What the exercise asks: Repeat the lines of the data exactly, from the first one through the one that contains "unfolding q by (rule proots_mult)".

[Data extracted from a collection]
---+---

section \<open>The spectrum of \<open>c I - s A\<close>\<close>

lemma prod_linear_proots_eq:
  fixes p :: "'a :: idom poly"
  assumes "monic p" and "size (proots p) = Polynomial.degree p"
  shows "(\<Prod>x\<in>#proots p. [:- x, 1:]) = p"
  using assms
proof (induction "Polynomial.degree p" arbitrary: p)
  case 0
  then have "p = [:coeff p 0:]" using degree_0_id[of p] by simp
  also have "coeff p 0 = 1" using 0 by simp
  finally show ?case by (simp add: one_pCons)
next
  case (Suc k)
  then have "proots p \<noteq> {#}" by auto
  then obtain x where x: "x \<in># proots p" by blast
  have p0: "p \<noteq> 0" using Suc.prems by auto
  then have "poly p x = 0" using x by simp
  then obtain q where q: "p = [:- x, 1:] * q" using poly_eq_0_iff_dvd by (metis dvdE)
  have q0: "q \<noteq> 0" using p0 q by auto
  have "Polynomial.degree p = Polynomial.degree [:- x, 1:] + Polynomial.degree q"
    unfolding q by (rule degree_mult_eq) (use q0 in auto)
  then have dq: "Polynomial.degree q = k" using Suc.hyps(2) by simp
  have mq: "monic q" using Suc.prems(1) unfolding q lead_coeff_mult by simp
  have "proots p = proots [:- x, 1:] + proots q"
    unfolding q by (rule proots_mult) (use q0 in auto)
  then have pr: "proots p = add_mset x (proots q)" by simp
  have "(\<Prod>x\<in>#proots q. [:- x, 1:]) = q"
    using Suc.hyps(1)[OF dq[symmetric] mq] Suc.prems(2) pr dq Suc.hyps(2) by simp
  then show ?case using q pr by simp
qed

lemma proots_prod_list_linear: "proots (\<Prod>x\<leftarrow>xs. [:- x, 1:]) = mset (xs :: 'a :: idom list)"
proof (induction xs)
  case (Cons a xs)
  have "(\<Prod>x\<leftarrow>xs. [:- x, 1:]) \<noteq> 0"
    by (subst prod_list_zero_iff) auto
  then have "proots (\<Prod>x\<leftarrow>a # xs. [:- x, 1:]) = proots [:- a, 1:] + proots (\<Prod>x\<leftarrow>xs. [:- x, 1:])"
    unfolding list.map prod_list.Cons by (intro proots_mult) auto
  then show ?case using Cons.IH by simp
qed simp

lemma char_poly_affine:
  fixes A :: "'a :: conjugatable_ordered_field mat"
  assumes A: "A \<in> carrier_mat n n" and split: "char_poly A = (\<Prod>e\<leftarrow>es. [:- e, 1:])"
  shows "char_poly (c \<cdot>\<^sub>m 1\<^sub>m n + (- s) \<cdot>\<^sub>m A) = (\<Prod>e\<leftarrow>es. [:- (c - s * e), 1:])"
proof -
  obtain B P Q where "schur_decomposition A es = (B, P, Q)" by (cases "schur_decomposition A es")
  from schur_decomposition[OF A split this]
  have wit: "similar_mat_wit A B P Q" and ut: "upper_triangular B" and diag: "diag_mat B = es" by auto
  have B: "B \<in> carrier_mat n n" using similar_mat_witD2[OF A wit] by auto
  have "similar_mat_wit (char_matrix ((- s) \<cdot>\<^sub>m A) (- c)) (char_matrix ((- s) \<cdot>\<^sub>m B) (- c)) P Q"
    by (intro similar_mat_wit_char_matrix similar_mat_wit_smult wit)
  moreover have "char_matrix ((- s) \<cdot>\<^sub>m A) (- c) = c \<cdot>\<^sub>m 1\<^sub>m n + (- s) \<cdot>\<^sub>m A"
    using A by (intro eq_matI) (auto simp: char_matrix_def)
  ultimately have "similar_mat (c \<cdot>\<^sub>m 1\<^sub>m n + (- s) \<cdot>\<^sub>m A) (char_matrix ((- s) \<cdot>\<^sub>m B) (- c))"
    unfolding similar_mat_def by auto
  then have "char_poly (c \<cdot>\<^sub>m 1\<^sub>m n + (- s) \<cdot>\<^sub>m A) = char_poly (char_matrix ((- s) \<cdot>\<^sub>m B) (- c))"
    by (rule char_poly_similar)
  also have "\<dots> = (\<Prod>e\<leftarrow>diag_mat (char_matrix ((- s) \<cdot>\<^sub>m B) (- c)). [:- e, 1:])"
    using B ut by (intro char_poly_upper_triangular[of _ n]) (auto simp: upper_triangular_def char_matrix_def)
  also have "diag_mat (char_matrix ((- s) \<cdot>\<^sub>m B) (- c)) = map (\<lambda>e. c - s * e) es"
    using B diag by (intro nth_equalityI) (auto simp: diag_mat_def char_matrix_def)
  finally show ?thesis by (simp add: comp_def)
qed

(* spec_on only collects real roots, so the size hypothesis says that the characteristic
   polynomial of A splits over the reals. *)
lemma spec_on_affine:
  assumes V: "finite V" and split: "size (spec_on V A) = card V"
  shows "spec_on V (\<lambda>a b. (if a = b then c else 0) - s * A a b) = image_mset (\<lambda>x. c - s * x) (spec_on V A)"
proof -
  obtain es where es: "mset es = spec_on V A" using ex_mset by blast
  have "char_poly (mat_on V A) = (\<Prod>x\<in>#spec_on V A. [:- x, 1:])"
    using prod_linear_proots_eq[of "char_poly_on V A"] char_poly_on_monic[OF V] degree_char_poly_on[OF V] split
    by (simp add: spec_on_eq_proots char_poly_on_def)
  also have "\<dots> = (\<Prod>e\<leftarrow>es. [:- e, 1:])"
    unfolding es[symmetric] by (simp only: mset_map[symmetric] prod_mset_prod_list)
  finally have "char_poly (c \<cdot>\<^sub>m 1\<^sub>m (card V) + (- s) \<cdot>\<^sub>m mat_on V A)
      = (\<Prod>e\<leftarrow>es. [:- (c - s * e), 1:])"
    by (intro char_poly_affine) (auto simp: mat_on_def)
  moreover have "mat_on V (\<lambda>a b. (if a = b then c else 0) - s * A a b)
      = c \<cdot>\<^sub>m 1\<^sub>m (card V) + (- s) \<cdot>\<^sub>m mat_on V A"
    using bij_betw_vertex_enum[OF V] unfolding bij_betw_def inj_on_def
    by (intro eq_matI) (auto simp: mat_on_def)
  ultimately have "spec_on V (\<lambda>a b. (if a = b then c else 0) - s * A a b) = mset (map (\<lambda>e. c - s * e) es)"
    using proots_prod_list_linear[of "map (\<lambda>e. c - s * e) es"] by (simp add: spec_on_def comp_def)
  then show ?thesis using es by simp
qed

section \<open>The deformed Laplacian of an \<open>H\<close>-join\<close>

locale H_join =
  fixes r :: nat and EH :: "nat \<Rightarrow> nat \<Rightarrow> bool"
    and VG :: "nat \<Rightarrow> 'v set" and EG :: "nat \<Rightarrow> 'v \<Rightarrow> 'v \<Rightarrow> bool"
  assumes H_irrefl: "i \<in> {1..r} \<Longrightarrow> \<not> EH i i"
    and G_simple: "i \<in> {1..r} \<Longrightarrow> simple_graph (VG i) (EG i)"
    and VG_disjoint: "i \<in> {1..r} \<Longrightarrow> j \<in> {1..r} \<Longrightarrow> i \<noteq> j \<Longrightarrow> VG i \<inter> VG j = {}"
begin

abbreviation N :: "nat \<Rightarrow> nat" where
  "N i \<equiv> \<Sum>j\<in>{j \<in> {1..r}. EH i j}. card (VG j)"

abbreviation join_laplacian :: "real \<Rightarrow> 'v \<Rightarrow> 'v \<Rightarrow> real" where
  "join_laplacian s \<equiv> deformed_laplacian (join_vertices r VG) (join_edges r EH VG EG) s"

lemma finite_VG: "i \<in> {1..r} \<Longrightarrow> finite (VG i)"
  using G_simple unfolding simple_graph_def by blast

lemma mem_VG_iff: "i \<in> {1..r} \<Longrightarrow> k \<in> {1..r} \<Longrightarrow> u \<in> VG i \<Longrightarrow> u \<in> VG k \<longleftrightarrow> k = i"
  using VG_disjoint by blast

lemma join_edges_iff:
  assumes i: "i \<in> {1..r}" and j: "j \<in> {1..r}" and u: "u \<in> VG i" and w: "w \<in> VG j"
  shows "join_edges r EH VG EG u w \<longleftrightarrow> (if i = j then EG i u w else EH i j)"
proof -
  have "join_edges r EH VG EG u w \<longleftrightarrow> (i = j \<and> EG i u w) \<or> EH i j"
    unfolding join_edges_def
    using mem_VG_iff[OF i _ u] mem_VG_iff[OF j _ w] i j by (auto cong: rev_conj_cong)
  then show ?thesis using H_irrefl[OF i] by auto
qed

lemma degree_join:
  assumes i: "i \<in> {1..r}" and u: "u \<in> VG i"
  shows "degree (join_vertices r VG) (join_edges r EH VG EG) u = degree (VG i) (EG i) u + N i"
proof -
  let ?E = "join_edges r EH VG EG"
  have "{w \<in> join_vertices r VG. ?E u w} = (\<Union>j\<in>{1..r}. {w \<in> VG j. ?E u w})"
    unfolding join_vertices_def by blast
  then have "card {w \<in> join_vertices r VG. ?E u w} = (\<Sum>j\<in>{1..r}. card {w \<in> VG j. ?E u w})"
    using finite_VG VG_disjoint by (simp add: card_UN_disjoint disjoint_iff)
  also have "\<dots> = (\<Sum>j\<in>{1..r}. of_bool (i = j) * degree (VG i) (EG i) u + of_bool (EH i j) * card (VG j))"
  proof (rule sum.cong)
    fix j assume j: "j \<in> {1..r}"
    have "{w \<in> VG j. ?E u w} = (if i = j then {w \<in> VG i. EG i u w} else if EH i j then VG j else {})"
      using join_edges_iff[OF i j u] by auto
    then show "card {w \<in> VG j. ?E u w} = of_bool (i = j) * degree (VG i) (EG i) u + of_bool (EH i j) * card (VG j)"
      using H_irrefl[OF i] by (auto simp: degree_def)
  qed simp
  also have "\<dots> = (\<Sum>j\<in>{1..r}. of_bool (i = j) * degree (VG i) (EG i) u) + (\<Sum>j\<in>{1..r}. of_bool (EH i j) * card (VG j))"
    by (rule sum.distrib)
  also have "(\<Sum>j\<in>{1..r}. of_bool (i = j) * degree (VG i) (EG i) u) = degree (VG i) (EG i) u"
    by (rule sum_of_bool_eq_mult_left) (use i in auto)
  also have "(\<Sum>j\<in>{1..r}. of_bool (EH i j) * card (VG j)) = N i"
    by (simp add: Int_def)
  finally show ?thesis unfolding degree_def .
qed

lemma join_laplacian_eq:
  assumes i: "i \<in> {1..r}" and j: "j \<in> {1..r}" and u: "u \<in> VG i" and w: "w \<in> VG j"
  shows "join_laplacian s u w
    = (if u = w then s\<^sup>2 * (real (degree (VG i) (EG i) u) + real (N i) - 1) + 1 else 0)
      - s * of_bool (if i = j then EG i u w else EH i j)"
proof -
  have "\<not> EG i u u" using G_simple[OF i] u unfolding simple_graph_def by blast
  moreover have "u = w \<Longrightarrow> i = j" using mem_VG_iff[OF j i w] u by blast
  ultimately show ?thesis
    unfolding deformed_laplacian_def adj_mat_def join_edges_iff[OF i j u w] degree_join[OF i u]
    by (auto simp: algebra_simps)
qed

end

locale regular_H_join = H_join +
  fixes d :: "nat \<Rightarrow> nat"
  assumes VG_nonempty: "i \<in> {1..r} \<Longrightarrow> VG i \<noteq> {}"
    and G_regular: "i \<in> {1..r} \<Longrightarrow> regular (VG i) (EG i) (d i)"
begin

definition quotient_mat :: "real \<Rightarrow> nat \<Rightarrow> nat \<Rightarrow> real" where
  "quotient_mat s i j = (if i = j then s\<^sup>2 * (real (d i) + real (N i) - 1) - s * real (d i) + 1
     else (if EH i j then - s else 0) * real (card (VG j)))"

lemma card_neighbours:
  assumes i: "i \<in> {1..r}" and u: "u \<in> VG i"
  shows "card {w \<in> VG i. EG i u w} = d i" and "card {w \<in> VG i. EG i w u} = d i"
proof -
  show "card {w \<in> VG i. EG i u w} = d i"
    using G_regular[OF i] u unfolding regular_def degree_def by blast
  moreover have "{w \<in> VG i. EG i w u} = {w \<in> VG i. EG i u w}"
    using G_simple[OF i] u unfolding simple_graph_def by blast
  ultimately show "card {w \<in> VG i. EG i w u} = d i" by simp
qed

---+---

Exercise solution:
section \<open>The spectrum of \<open>c I - s A\<close>\<close>

lemma prod_linear_proots_eq:
  fixes p :: "'a :: idom poly"
  assumes "monic p" and "size (proots p) = Polynomial.degree p"
  shows "(\<Prod>x\<in>#proots p. [:- x, 1:]) = p"
  using assms
proof (induction "Polynomial.degree p" arbitrary: p)
  case 0
  then have "p = [:coeff p 0:]" using degree_0_id[of p] by simp
  also have "coeff p 0 = 1" using 0 by simp
  finally show ?case by (simp add: one_pCons)
next
  case (Suc k)
  then have "proots p \<noteq> {#}" by auto
  then obtain x where x: "x \<in># proots p" by blast
  have p0: "p \<noteq> 0" using Suc.prems by auto
  then have "poly p x = 0" using x by simp
  then obtain q where q: "p = [:- x, 1:] * q" using poly_eq_0_iff_dvd by (metis dvdE)
  have q0: "q \<noteq> 0" using p0 q by auto
  have "Polynomial.degree p = Polynomial.degree [:- x, 1:] + Polynomial.degree q"
    unfolding q by (rule degree_mult_eq) (use q0 in auto)
  then have dq: "Polynomial.degree q = k" using Suc.hyps(2) by simp
  have mq: "monic q" using Suc.prems(1) unfolding q lead_coeff_mult by simp
  have "proots p = proots [:- x, 1:] + proots q"
    unfolding q by (rule proots_mult) (use q0 in auto)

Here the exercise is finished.